Dapat saja kukatakan, “Cari teman yang punya akses net serta mau membuatkan salinan untuk anda.” Atau, apa yang sebelumnya dilakukan terhadap PDP-10 Emacs: “Kirimkan tape serta amplop berperangko dan alamat anda, dan akan kukirim balik GNU Emacs”. Namun karena tidak punya pekerjaan, serta sedang berikhtiar bagaimana caranya mendapatkan uang dari perangkat lunak bebas: kuumumkan bahwa untuk setiap pengiriman tape dikenakan biaya US$ 150. Dengan sendirinya, ini merupakan usaha pendistribusian perangkat lunak pertama, jauh sebelum perusahaan-perusahaan dewasa ini yang mendistribusikan sistem GNU berbasis Linux.

Apakah sebuah program bebas untuk setiap pengguna?

Jika sebuah program merupakan perangkat lunak bebas begitu diedarkan pengarangnya, tidaklah berarti bahwa akan tetap menjadi perangkat lunak bebas untuk semua yang memiliki salinan tersebut. Umpamanya, perangkat lunak public domain (perangkat lunak tanpa hak cipta) merupakan perangkat lunak bebas; namun siapa pun dapat membuat modifikasi berpemilik dari perangkat tersebut. Demikian pula, banyak program bebas dengan hak cipta namun diedarkan menggunakan lisensi sederhana yang mengizinkan modifikasi berpemilik.

Contoh dari permasalahan ini ialah sistem X Window. Sistem yang dikembangkan MIT ini diedarkan sebagai perangkat lunak bebas dengan lisensi sederhana. Berbagai perusahaan komputer mengadaptasi sistem X ini, dan disertakan dalam sistem Unix berpemilik mereka, dalam bentuk biner saja, serta dilindungi dengan menggunakan perjanjian menjaga rahasia yang serupa. Salinan X tersebut tidak lagi perangkat lunak bebas, seperti halnya Unix mereka.

Para pengembang sistem X Window tidak menganggap ini sebagai masalah—mereka memperkirakan serta menerima hal ini. Tujuan mereka bukanlah kebebasan, namun hanyalah “sukses”, yang diartikan dengan “digunakan secara luas”. Mereka tidak peduli apakah para pengguna memiliki kebebasan, asalkan jumlahnya banyak.

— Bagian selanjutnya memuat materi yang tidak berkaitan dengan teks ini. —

lemma exists_sample_hitting:
  fixes \<D> :: "'a set set" and \<epsilon> :: real
  assumes fin: "finite V" "V \<noteq> {}" and "finite \<D>"
    and large: "\<And>D. D \<in> \<D> \<Longrightarrow> D \<subseteq> V \<and> \<epsilon> * card V \<le> card D"
    and few: "real (card \<D>) * (1 - \<epsilon>) ^ s < 1"
  obtains f where "f \<in> (\<Pi>\<^sub>E i\<in>{..<s}. V)" "\<And>D. D \<in> \<D> \<Longrightarrow> \<exists>i<s. f i \<in> D"
proof -
  define n where "n = card V"
  have "n > 0" using fin unfolding n_def by (simp add: card_gt_0_iff)
  define Miss where "Miss D = (\<Pi>\<^sub>E i\<in>{..<s}. V - D)" for D
  have "real (card (\<Union>D\<in>\<D>. Miss D)) \<le> (\<Sum>D\<in>\<D>. real (card (Miss D)))"
    using card_UN_le[OF \<open>finite \<D>\<close>, of Miss] by (simp flip: of_nat_sum)
  also have "\<dots> \<le> (\<Sum>D\<in>\<D>. (1 - \<epsilon>) ^ s * real n ^ s)"
    using card_samples_missing_le[OF fin(1)] large unfolding Miss_def n_def by (intro sum_mono) blast
  also have "\<dots> = real (card \<D>) * (1 - \<epsilon>) ^ s * real n ^ s" by simp
  also have "\<dots> < real n ^ s" using few \<open>n > 0\<close> by simp
  also have "\<dots> = real (card (\<Pi>\<^sub>E i\<in>{..<s}. V))" by (simp add: card_PiE n_def)
  finally have "card (\<Union>D\<in>\<D>. Miss D) < card (\<Pi>\<^sub>E i\<in>{..<s}. V)" by (simp only: of_nat_less_iff)
  moreover have "finite (\<Union>D\<in>\<D>. Miss D)"
    using fin(1) \<open>finite \<D>\<close> unfolding Miss_def by (intro finite_UN_I finite_PiE) auto
  ultimately have "\<not> (\<Pi>\<^sub>E i\<in>{..<s}. V) \<subseteq> (\<Union>D\<in>\<D>. Miss D)"
    using card_mono leD by blast
  then obtain f where f: "f \<in> (\<Pi>\<^sub>E i\<in>{..<s}. V)" "f \<notin> (\<Union>D\<in>\<D>. Miss D)" by blast
  have "\<exists>i<s. f i \<in> D" if "D \<in> \<D>" for D
    using f that unfolding Miss_def by (auto simp: PiE_iff)
  with f(1) show thesis by (rule that)
qed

Ini menjurus ke situasi paradoks dari dua cara berbeda untuk menghitung jumlah kebebasan terhadap sebuah pertanyaan: “Apakah program ini bebas?” Jika menilai dari kebebasan ketentuan pendistribusian sistem, anda akan mengatakan bahwa X merupakan perangkat lunak bebas. Namun jika diukur dari kebebasan dari para pengguna, X dapatlah dikatakan sebagai perangkat lunak berpemilik. Kebanyakan para pengguna X menjalankan versi berpemilik yang merupakan bagian dari sistem Unix mereka, dan bukan menjalankan versi bebasnya.

Copyleft dan GNU GPL

Tujuan dari GNU ialah memberikan kebebasan kepada para pengguna, dan bukan untuk menjadi terkenal. Jadi, kami membutuhkan ketentuan distribusi yang mencegah perangkat lunak GNU menjadi berpemilik. Cara ini kami namakan “Copyleft”.(1)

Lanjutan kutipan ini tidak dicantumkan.